Four photographers from The Record managed to cover Memorial Day parades in only five Bergen County towns, according to today's Local section, but none visited Englewood, above and below. |
VICTOR E. SASSON
EDITOR
Shame on you, Rabbi Shmuley Boteach, for your publicity mongering and your support of Governor Christie, the worst leader in New Jersey history.
And shame on you, Editor Martin Gottlieb and Columnist Mike Kelly, for devoting more than 100 inches in The Record today to a rabbi who makes tens of thousands of Jews cringe at the thought that they have anything in common.
How can Kelly -- himself a walking question mark --dare ask on Page 1, "Who is he [Boteach], anyway?" (A-1).
Readers know Boteach purchased a mansion on Englewood's East Hill, even though it was next door to the home of the Libyan ambassador to the U.S.
Then, in 2009, the shamelessly self-promoting rabbi grabbed the front page of The Record several days in a row, protesting the planned visit of Libyan President Moammar Gadhafi.
Folloing those news stories was a glowing profile by Staff Writer Jim Beckerman, who described pop king Michael Jackson's visit to the Boteach mansion for Friday night dinners.

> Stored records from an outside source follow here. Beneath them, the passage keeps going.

lemma epowr_mono:
  assumes "a > 0" "x \<le> y"
  shows "epowr x a \<le> epowr y a"
proof (cases y rule: ennreal_cases)
  case (real b)
  then obtain c where "x = ennreal c" "0 \<le> c" "c \<le> b"
    using assms by (cases x rule: ennreal_cases) (auto simp: top_unique)
  then show ?thesis using real assms by (simp add: epowr_def powr_mono2)
qed (use assms in \<open>simp add: epowr_top\<close>)

lemma epowr_epowr: "a > 0 \<Longrightarrow> b > 0 \<Longrightarrow> epowr (epowr x a) b = epowr x (a * b)"
  by (cases x rule: ennreal_cases) (simp_all add: epowr_def powr_powr)

lemma epowr_epowr_inverse: "a > 0 \<Longrightarrow> epowr (epowr x a) (1 / a) = x"
  by (simp add: epowr_epowr epowr_1)

lemma epowr_inverse_epowr: "a > 0 \<Longrightarrow> epowr (epowr x (1 / a)) a = x"
  by (simp add: epowr_epowr epowr_1)

lemma epowr_le_epowr_iff: "a > 0 \<Longrightarrow> epowr x a \<le> epowr y a \<longleftrightarrow> x \<le> y"
  by (metis epowr_mono epowr_epowr_inverse divide_pos_pos zero_less_one)

lemma epowr_mult:
  assumes "a > 0"
  shows "epowr (x * y) a = epowr x a * epowr y a"
proof (cases x rule: ennreal_cases)
  case (real c)
  show ?thesis
  proof (cases y rule: ennreal_cases)
    case (real d)
    with \<open>x = ennreal c\<close> \<open>0 \<le> c\<close> show ?thesis
      by (simp add: epowr_ennreal powr_mult ennreal_mult[symmetric])
  next
    case top
    with \<open>x = ennreal c\<close> \<open>0 \<le> c\<close> assms show ?thesis
      by (cases "c = 0") (simp_all add: epowr_def ennreal_mult_top)
  qed
next
  case top
  with assms show ?thesis
    by (cases "y = 0") (simp_all add: epowr_def ennreal_top_mult epowr_eq_0_iff enn2real_eq_0_iff)
qed

lemma epowr_add_epowr_le:
  assumes "a > 0"
  shows "epowr (epowr x a + epowr y a) (1 / a) \<le> ennreal (2 powr (1 / a)) * (x + y)"
proof -
  have "epowr x a + epowr y a \<le> ennreal 2 * epowr (max x y) a"
    using add_mono[OF epowr_mono[OF assms max.cobounded1] epowr_mono[OF assms max.cobounded2]]
    by (simp add: mult_2)
  then have "epowr (epowr x a + epowr y a) (1 / a) \<le> epowr (ennreal 2 * epowr (max x y) a) (1 / a)"
    using assms by (intro epowr_mono) simp_all
  also have "\<dots> = ennreal (2 powr (1 / a)) * max x y"
    using assms
    by (simp only: epowr_mult epowr_epowr_inverse epowr_ennreal[of 2] zero_le_numeral divide_pos_pos zero_less_one)
  also have "\<dots> \<le> ennreal (2 powr (1 / a)) * (x + y)"
    by (intro mult_left_mono) (simp_all add: add_increasing add_increasing2)
  finally show ?thesis .
qed

lemma measurable_epowr [measurable (raw)]:
  assumes [measurable]: "f \<in> borel_measurable M"
  shows "(\<lambda>x. epowr (f x) a) \<in> borel_measurable M"
proof -
  have "(\<lambda>x. epowr (f x) a) = (\<lambda>x. if f x = top then (if a > 0 then top else if a = 0 then 1 else 0)
          else ennreal (enn2real (f x) powr a))"
    by (simp add: epowr_def fun_eq_iff)
  also have "\<dots> \<in> borel_measurable M" by measurable
  finally show ?thesis .
qed

lemma ennreal_le_suminf: "(f n :: ennreal) \<le> suminf f"
  using sum_le_suminf[of f "{n}"] by simp

lemma suminf_geometric_ennreal: "0 \<le> \<rho> \<Longrightarrow> \<rho> < 1 \<Longrightarrow> (\<Sum>n. ennreal (\<rho> ^ n)) = ennreal (1 / (1 - \<rho>))"
  by (rule suminf_ennreal_eq) (auto intro: geometric_sums)

lemma comparable_ennreal:
  fixes x y :: ennreal
  assumes "C > 0" "x \<le> ennreal C * y" "y \<le> ennreal C * x"
  shows "x < top \<longleftrightarrow> y < top" and "ennreal (1 / C) * x \<le> y"
proof -
  show "x < top \<longleftrightarrow> y < top"
    using assms(2,3) by (metis ennreal_less_top ennreal_mult_less_top le_less_trans)
  have "ennreal (1 / C) * x \<le> ennreal (1 / C) * ennreal C * y"
    using assms(2) by (simp add: mult.assoc mult_left_mono)
  also have "ennreal (1 / C) * ennreal C = 1"
    using assms(1) by (simp add: ennreal_mult[symmetric])
  finally show "ennreal (1 / C) * x \<le> y" by simp
qed

section \<open>Power inequalities for series\<close>

lemma le_powr_mult_powr_bound:
  fixes x S s :: real
  assumes "0 < s" "s \<le> 1" "0 \<le> x" "x powr s \<le> S"
  shows "x \<le> x powr s * S powr (1 / s - 1)"
proof (cases "x = 0")
  case False
  then have x: "x > 0" using assms by simp
  have "x = x powr s * (x powr s) powr (1 / s - 1)"
    using x assms by (simp add: powr_powr powr_add[symmetric] algebra_simps)
  also have "\<dots> \<le> x powr s * S powr (1 / s - 1)"
    using assms by (intro mult_left_mono powr_mono2) auto
  finally show ?thesis .
qed simp

lemma epowr_suminf_le_suminf_epowr:
  assumes s: "0 < s" "s \<le> 1"
  shows "epowr (\<Sum>n. u n) s \<le> (\<Sum>n. epowr (u n) s)"
proof (cases "(\<Sum>n. epowr (u n) s) = top")
  case False
  define S where "S = enn2real (\<Sum>n. epowr (u n) s)"
  have S_eq: "(\<Sum>n. epowr (u n) s) = ennreal S" and S0: "0 \<le> S"
    using False by (simp_all add: S_def less_top)
  have "u n \<le> epowr (u n) s * ennreal (S powr (1 / s - 1))" for n
  proof -
    have "epowr (u n) s \<noteq> top"
      using False ennreal_suminf_lessD[of "\<lambda>n. epowr (u n) s" top n] by (auto simp: less_top)
    then obtain x where x: "u n = ennreal x" "0 \<le> x"
      using s epowr_eq_top_iff[of s "u n"] by (cases "u n" rule: ennreal_cases) auto
    have "ennreal (x powr s) \<le> ennreal S"
      using ennreal_le_suminf[of "\<lambda>n. epowr (u n) s" n] x S_eq by (simp add: epowr_ennreal)
    then have "x \<le> x powr s * S powr (1 / s - 1)"
      using le_powr_mult_powr_bound s x(2) S0 by simp
    then show ?thesis
      using x by (simp add: epowr_ennreal ennreal_mult[symmetric])
  qed
  then have "(\<Sum>n. u n) \<le> (\<Sum>n. epowr (u n) s * ennreal (S powr (1 / s - 1)))"
    by (intro suminf_le) auto
  also have "\<dots> = ennreal (S * S powr (1 / s - 1))"
    using S_eq S0 by (simp add: ennreal_mult)
  also have "S * S powr (1 / s - 1) = S powr (1 / s)"
    using S0 by (cases "S = 0") (simp_all add: powr_add[symmetric] powr_mult_base)
  finally have "epowr (\<Sum>n. u n) s \<le> epowr (ennreal (S powr (1 / s))) s"
    using s by (intro epowr_mono) auto
  also have "\<dots> = ennreal S"
    using s S0 by (simp add: epowr_ennreal powr_powr)
  finally show ?thesis
    using S_eq by simp
qed simp

lemma Youngs_inequality_rescaled:
  fixes Q l x T :: real
  assumes Q: "1 \<le> Q" and l: "0 < l" and x: "0 \<le> x" and T: "0 < T"
  shows "x \<le> T powr (1 / Q) * (l powr (1 - Q) * x powr Q / (T * Q) + l * (1 - 1 / Q))"
proof (cases "Q = 1")
  case False
  then have Q1: "Q > 1" using Q by simp
  define Q' where "Q' = Q / (Q - 1)"
  have Q'1: "Q' > 1" and inv: "1 / Q + 1 / Q' = 1"
    using Q1 by (simp_all add: Q'_def field_simps)
  define a where "a = l powr ((1 - Q) / Q) * x / T powr (1 / Q)"
  define b where "b = l powr ((Q - 1) / Q)"
  have "a * b \<le> a powr Q / Q + b powr Q' / Q'"
    by (rule Youngs_inequality[OF Q1 Q'1 inv]) (use x in \<open>simp_all add: a_def b_def\<close>)
  moreover have "a * b = x / T powr (1 / Q)"
  proof -
    have "(1 - Q) / Q + (Q - 1) / Q = 0" using Q1 by (simp add: field_simps)
    then have "l powr ((1 - Q) / Q) * l powr ((Q - 1) / Q) = 1"
      using l by (simp add: powr_add[symmetric])
    then show ?thesis by (simp add: a_def b_def field_simps)
  qed
  moreover have "a powr Q = l powr (1 - Q) * x powr Q / T"
  proof -
    have "a powr Q = (l powr ((1 - Q) / Q)) powr Q * x powr Q / (T powr (1 / Q)) powr Q"
      using l x T by (simp add: a_def powr_divide powr_mult)
    also have "\<dots> = l powr (1 - Q) * x powr Q / T"
      using Q1 l T by (simp add: powr_powr)
    finally show ?thesis .
  qed
  moreover have "b powr Q' = l"
    using Q1 l by (simp add: b_def powr_powr Q'_def)
  moreover have "l / Q' = l * (1 - 1 / Q)"
    using Q1 by (simp add: Q'_def field_simps)
  ultimately have "x / T powr (1 / Q) \<le> l powr (1 - Q) * x powr Q / (T * Q) + l * (1 - 1 / Q)"
    by simp
  moreover have "T powr (1 / Q) > 0" using T by simp
  ultimately show ?thesis by (simp add: field_simps)
next
  case True
  then show ?thesis using T x l by simp
qed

The reporter referred to the mansion as "an ordinary house in Englewood."
Must-read list
Head Assigment Editors Deirdre Sykes and Dan Sforza managed today to find room for Memorial Day photos from only a half-dozen North Jersey towns (L-1, L-2 and L-3).
Any other photos were held to make room for thousands of names in a huge Dean's List (L-5), which Sykes and Sforza rely on frequently when they can't find legitimate municipal news.
Monday's paper
The Record's front-page story on the crash death of Princeton University mathematician John Nash fails to report the Nobel laureate and his wife weren't wearing seat belts in the back seat of a taxi.
NJ.com reported the Nashes were ejected from the cab during the national "Click It or Ticket" campaign on seat-belt use, a stepped up enforcement program that runs through May 31.
In mid-May, Road Warrior John Cichowski warned more than 4,400 tickets were issued in Bergen County alone during last year's two-week crackdown.
Yet, The Record consistently fails to report whether people killed in car crashes were belted in.
Christie and crime
In another front-page story on Monday, Gottlieb and the other editors managed to hold Christie blameless for police layoffs that resulted in a spike in violent crime in Camden, Newark, Paterson and other cities.
The story by Staff Writers Abbott Koloff and Melissa Hayes goes on and on, but never reports the GOP bully cut state aid to poor cities in 2011.
Camden lost 163 officers and Paterson -- which has twice as many residents -- let go 125.
The Record's revisionist theory is that the layoffs were caused by the "recession, coupled with a freeze in state aid and a 2 percent state-imposed cap on local property tax levies" (Saturday's A-11).
Different story
In 2011, The Record and other media attributed the layoffs to Christie's state aid cuts.
On July 1, 2011, NJ.com reported the governor cut aid for the state's most troubled cities to $10 million from $149 million.
On Monday, The Record described that drastic aid cut as "a freeze in state aid."
Now, the Woodland Park daily -- which struggles to report what happened yesterday completely and without errors -- can't be relied on to accurately report what Christie did in his second year in office.